Postgraduate research project

Visible Light Integrated Sensing and Communication (VL-ISAC)

Funding
Competition funded View fees and funding
Type of degree
Doctor of Philosophy
Entry requirements
2:1 honours degree View full entry requirements
Faculty graduate school
Faculty of Engineering and Physical Sciences
Closing date

About the project

Imagine a world where there is Internet access and radar-assisted living and quantum security, wherever there is light. The objective of this project is to implement Integrated Sensing and Communication (ISAC) in visible light bands.

ISAC is anticipated to serve as a pillar of 6G. However, the seamless integration of communication and sensing technologies remains challenging in the highly congested Radio Frequency (RF) bands. By contrast, the bandwidths available in the unlicensed Visible Light (VL) band ranging from 400 THz to 800 THz offers the potential of achieving both Gigabits-per-second (Gbps) communication and millimeter-precision sensing.

However, VL-ISAC still faces several challenges.

  • Firstly, a signal emitted from LED will encounter both line-of-sight (LoS) and non-LoS (NLoS) paths, such as reflections from walls. This multipath phenomenon inevitably misleads localization and data detection.
  • Secondly, although the LED-based illumination infrastructure can effectively support downlink data transfer, user-initiated uplink transmission remains a critical challenge.
  • Thirdly, how to optimize conflicting objectives in communication and sensing functionalities remain an open problem. 

This project will explore multi-carrier waveform designs for mitigating multi-path, optical Reconfigurable Intelligent Surface (RIS) for steering signal propagation as well as enabling backscatter-based uplink user data, machine learning techniques for multi-objective optimization.

This project will be supervised by Dr Chao Xu, who’s the first researcher from the University of Southampton to achieve the highest score 100/100 in the EU’s Marie Sklodowska-Curie Actions (MSCA) fellowship proposal evaluation.

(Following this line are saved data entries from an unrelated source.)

lemma neglog_pmf_history_pmf_ge:
  assumes "valid_alloc B w"
  shows "t \<le> B \<Longrightarrow> length H = t
    \<Longrightarrow> ereal (real n) * score t w nu i H \<le> neglog (pmf (history_pmf w n (nu i) t) H)"
proof (induction t arbitrary: H)
  case 0
  then show ?case by (simp add: score_def neglog_def flip: zero_ereal_def)
next
  case (Suc t)
  then obtain H' Q where H: "H = H' @ [Q]" and len: "length H' = t"
    by (metis length_Suc_conv_rev)
  let ?batch = "\<Sum>a\<in>UNIV. ereal (w (Suc t) H' a) * KL (Q a) (nu i a)"
  have w_nonneg: "0 \<le> w (Suc t) H' a" for a
    using Suc.prems len by (intro valid_allocD(1)[OF assms]) auto
  have "ereal (real n) * score (Suc t) w nu i H
      = ereal (real n) * score t w nu i H' + ereal (real n) * ?batch"
    unfolding H score_snoc[OF len] using Suc.prems len
    by (intro ereal_right_distrib score_nonneg[OF assms] weighted_KL_nonneg w_nonneg) auto
  also have "\<dots> \<le> neglog (pmf (history_pmf w n (nu i) t) H')
      + neglog (pmf (batch_pmf n (w (Suc t) H') (nu i)) Q)"
    using Suc.prems len by (intro add_mono Suc.IH neglog_pmf_batch_pmf_ge w_nonneg) auto
  also have "\<dots> = neglog (pmf (history_pmf w n (nu i) (Suc t)) H)"
    unfolding H pmf_history_pmf_snoc by (simp add: neglog_mult)
  finally show ?case .
qed

definition empirical_dists :: "nat \<Rightarrow> 'x::finite pmf set" where
  "empirical_dists n = empirical ` {xs. length xs \<le> n}"

lemma finite_empirical_dists: "finite (empirical_dists n :: 'x::finite pmf set)"
  unfolding empirical_dists_def
  using finite_lists_length_le[of "UNIV :: 'x set" n] by simp

lemma card_empirical_dists: "card (empirical_dists n :: 'x::finite pmf set) \<le> (n + 1) ^ CARD('x)"
proof -
  let ?S = "{xs :: 'x list. length xs \<le> n}"
  have fin: "finite ?S"
    using finite_lists_length_le[of "UNIV :: 'x set" n] by simp
  define h :: "'x multiset \<Rightarrow> 'x pmf"
    where "h M = (if M = {#} then pmf_of_set UNIV else pmf_of_multiset M)" for M
  have "empirical = h \<circ> mset"
    by (auto simp: fun_eq_iff empirical_def h_def)
  then have "empirical_dists n = h ` mset ` ?S"
    unfolding empirical_dists_def by (simp add: image_comp)
  then have "card (empirical_dists n :: 'x pmf set) \<le> card (mset ` ?S)"
    using fin by (simp add: card_image_le)
  also have "\<dots> = card (count ` mset ` ?S)"
    by (rule card_image[symmetric]) (auto intro: inj_onI simp: count_inject)
  also have "\<dots> \<le> card (UNIV \<rightarrow>\<^sub>E {..n} :: ('x \<Rightarrow> nat) set)"
  proof (intro card_mono)
    show "count ` mset ` ?S \<subseteq> UNIV \<rightarrow>\<^sub>E {..n}"
    proof
      fix c assume "c \<in> count ` mset ` ?S"
      then obtain xs :: "'x list" where "length xs \<le> n" "c = count (mset xs)"
        by auto
      then show "c \<in> UNIV \<rightarrow>\<^sub>E {..n}"
        using count_le_size[of "mset xs"] by (auto intro: order.trans)
    qed
  qed (simp add: finite_PiE)
  also have "\<dots> = (n + 1) ^ CARD('x)"
    by (simp add: card_funcsetE)
  finally show ?thesis .
qed

definition histories :: "nat \<Rightarrow> nat \<Rightarrow> ('a::finite \<Rightarrow> 'x::finite pmf) list set" where
  "histories n t = {H. set H \<subseteq> UNIV \<rightarrow>\<^sub>E empirical_dists n \<and> length H = t}"

lemma finite_histories: "finite (histories n t)"
  unfolding histories_def by (intro finite_lists_length_eq finite_PiE finite_empirical_dists) simp

lemma card_histories:
  "card (histories n t :: ('a::finite \<Rightarrow> 'x::finite pmf) list set)
     \<le> (n + 1) ^ (CARD('x) * CARD('a) * t)"
proof -
  have "card (histories n t :: ('a \<Rightarrow> 'x pmf) list set)
      = (card (empirical_dists n :: 'x pmf set) ^ CARD('a)) ^ t"
    unfolding histories_def
    by (simp add: card_lists_length_eq finite_PiE finite_empirical_dists card_funcsetE)
  also have "\<dots> \<le> (((n + 1) ^ CARD('x)) ^ CARD('a)) ^ t"
    by (intro power_mono card_empirical_dists) simp_all
  finally show ?thesis
    by (simp add: power_mult)
qed

lemma set_pmf_history_pmf_subset:
  fixes nu :: "'a::finite \<Rightarrow> 'x::finite pmf"
  assumes "valid_alloc B w"
  shows "t \<le> B \<Longrightarrow> set_pmf (history_pmf w n nu t) \<subseteq> histories n t"
proof (induction t)
  case 0
  then show ?case by (simp add: histories_def)
next
  case (Suc t)
  show ?case
  proof
    fix H' assume "H' \<in> set_pmf (history_pmf w n nu (Suc t))"
    then obtain H Q where H: "H \<in> set_pmf (history_pmf w n nu t)"
      and Q: "Q \<in> set_pmf (batch_pmf n (w (Suc t) H) nu)" and H': "H' = H @ [Q]"
      by auto
    have "H \<in> histories n t" using H Suc by auto
    moreover have "Q a \<in> empirical_dists n" for a
    proof -
      obtain xs where xs: "length xs = pulls n (w (Suc t) H a)" "Q a = empirical xs"
        using Q by (auto simp: batch_pmf_def set_Pi_pmf PiE_dflt_def set_replicate_pmf)
      have "length H = t" using \<open>H \<in> histories n t\<close> by (simp add: histories_def)
      then have "pulls n (w (Suc t) H a) \<le> n"
        using Suc.prems by (intro pulls_le valid_allocD(2)[OF assms]) auto
      with xs show ?thesis by (auto simp: empirical_dists_def)
    qed
    ultimately show "H' \<in> histories n (Suc t)"
      using H' by (auto simp: histories_def)
  qed
qed

lemma le_of_le_SUP_INF_others:
  fixes s :: "'i \<Rightarrow> 'b::complete_linorder"
  assumes "finite I" and r: "r \<le> (SUP k\<in>I. INF i\<in>I - {k}. s i)"
    and d: "d \<in> I" "\<forall>i\<in>I. s d \<le> s i" and j: "j \<in> I" "j \<noteq> d"
  shows "r \<le> s j"
proof -
  have "\<exists>k\<in>I. r \<le> (INF i\<in>I - {k}. s i)"
  proof (rule ccontr)
    assume "\<not> ?thesis"
    then have "(SUP k\<in>I. INF i\<in>I - {k}. s i) < r"
      using \<open>finite I\<close> d(1) by (intro finite_imp_Sup_less) (auto simp: not_le)
    with r show False by simp
  qed
  then obtain k where k: "k \<in> I" "r \<le> (INF i\<in>I - {k}. s i)" ..
  show ?thesis
  proof (cases "k = d")
    case True
    with k j show ?thesis by (auto intro: order.trans INF_lower)
  next
    case False
    with k d have "r \<le> s d" by (auto intro: order.trans INF_lower)
    with d j show ?thesis by (auto intro: order.trans)
  qed
qed

lemma score_ge_if_error:
  assumes "B > 0" and maxlik: "maxlik_rule m B w nu dec"
    and sep: "(SUP k\<in>{..<m}. INF i\<in>{..<m} - {k}. score B w nu i Q / ereal (real B)) \<ge> ereal R"
    and Q: "length Q = B" and j: "j < m" "dec Q \<noteq> j"
  shows "ereal (real B * R) \<le> score B w nu j Q"
proof -
  have "dec Q < m" "\<forall>i<m. score B w nu (dec Q) Q \<le> score B w nu i Q"
    using maxlik Q by (auto simp: maxlik_rule_def)
  with \<open>B > 0\<close> have "ereal R \<le> score B w nu j Q / ereal (real B)"
    by (intro le_of_le_SUP_INF_others[OF _ sep, where d = "dec Q"]) (use j in auto)
  with \<open>B > 0\<close> show ?thesis
    by (simp add: ereal_le_divide_pos)
qed

lemma err_prob_le:
  fixes nu :: "nat \<Rightarrow> 'a::finite \<Rightarrow> 'x::finite pmf"
  assumes "B > 0" "valid_alloc B w" "maxlik_rule m B w nu dec"
    and sep: "\<forall>Q. length Q = B \<longrightarrow>
      (SUP k\<in>{..<m}. INF i\<in>{..<m} - {k}. score B w nu i Q / ereal (real B)) \<ge> ereal R"
    and "j < m"
  shows "err_prob B w nu dec j n
    \<le> real ((n + 1) ^ (CARD('x) * CARD('a) * B)) * exp (- (real B * real n * R))"
proof -
  let ?M = "history_pmf w n (nu j) B"
  let ?E = "histories n B \<inter> {Q. dec Q \<noteq> j}"
  have "{Q. dec Q \<noteq> j} \<inter> set_pmf ?M = ?E \<inter> set_pmf ?M"
    using set_pmf_history_pmf_subset[OF assms(2) order.refl] by blast
  then have "err_prob B w nu dec j n = measure ?M ?E"
    unfolding err_prob_def by (metis measure_Int_set_pmf)
  also have "\<dots> = (\<Sum>Q\<in>?E. pmf ?M Q)"
    by (simp add: measure_measure_pmf_finite finite_histories)
  also have "\<dots> \<le> (\<Sum>Q\<in>?E. exp (- (real B * real n * R)))"
  proof (rule sum_mono)
    fix Q assume "Q \<in> ?E"
    then have Q: "length Q = B" "dec Q \<noteq> j" by (auto simp: histories_def)
    have "ereal (real n) * ereal (real B * R) \<le> ereal (real n) * score B w nu j Q"
      using score_ge_if_error[OF assms(1,3) sep[rule_format, OF Q(1)] Q(1) \<open>j < m\<close> Q(2)]
      by (rule ereal_mult_left_mono) simp
    also have "\<dots> \<le> neglog (pmf ?M Q)"
      using Q(1) by (intro neglog_pmf_history_pmf_ge[OF assms(2)]) simp_all
    finally show "pmf ?M Q \<le> exp (- (real B * real n * R))"
      by (simp add: ereal_le_neglog_iff mult_ac)
  qed
  also have "\<dots> \<le> real (card (histories n B :: ('a \<Rightarrow> 'x pmf) list set))
      * exp (- (real B * real n * R))"
    by (simp add: card_mono finite_histories)
  also have "\<dots> \<le> real ((n + 1) ^ (CARD('x) * CARD('a) * B))
      * exp (- (real B * real n * R))"
    by (intro mult_right_mono of_nat_mono card_histories) simp
  finally show ?thesis .
qed

lemma liminf_neglog_div_ge:
  fixes e :: "nat \<Rightarrow> real"
  assumes "c > 0" and e_nonneg: "\<And>n. 0 \<le> e n"
    and e_le: "\<And>n. e n \<le> real ((n + 1) ^ d) * exp (- (c * real n * R))"
  shows "ereal R \<le> liminf (\<lambda>n. neglog (e n) / ereal (c * real n))"
proof -
  define g where "g n = R - real d * ln (real n + 1) / (c * real n)" for n
  have "g = (\<lambda>n. R - real d / c * (ln (real n + 1) / real n))"
    by (simp add: fun_eq_iff g_def)
  moreover have "(\<lambda>n. ln (real n + 1) / real n) \<longlonglongrightarrow> 0"
    by real_asymp
  ultimately have "g \<longlonglongrightarrow> R - real d / c * 0"
    by (simp only:) (intro tendsto_intros)
  then have "(\<lambda>n. ereal (g n)) \<longlonglongrightarrow> ereal R"
    by (intro tendsto_ereal) simp
  from lim_imp_Liminf[OF _ this] have "ereal R = liminf (\<lambda>n. ereal (g n))"
    by simp
  also have "\<dots> \<le> liminf (\<lambda>n. neglog (e n) / ereal (c * real n))"
  proof (intro Liminf_mono eventually_mono[OF eventually_ge_at_top[of 1]])
    fix n :: nat assume "1 \<le> n"
    with \<open>c > 0\<close> have cn: "c * real n > 0" by simp
    have "e n \<le> exp (real d * ln (real n + 1)) * exp (- (c * real n * R))"
      using e_le[of n] by (simp add: exp_of_nat_mult add.commute)
    also have "\<dots> = exp (- (c * real n * g n))"
      using cn \<open>c > 0\<close> by (simp add: g_def right_diff_distrib flip: exp_add)
    finally show "ereal (g n) \<le> neglog (e n) / ereal (c * real n)"
      using cn e_nonneg[of n] by (simp add: ereal_le_divide_pos ereal_le_neglog_iff)
  qed
  finally show ?thesis .
qed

The School of Electronics & Computer Science is committed to promoting equality, diversity inclusivity as demonstrated by our Athena SWAN award. We welcome all applicants regardless of their gender, ethnicity, disability, sexual orientation or age, and will give full consideration to applicants seeking flexible working patterns and those who have taken a career break. The University has a generous maternity policy, onsite childcare facilities, and offers a range of benefits to help ensure employees’ well-being and work-life balance. The University of Southampton is committed to sustainability and has been awarded the Platinum EcoAward.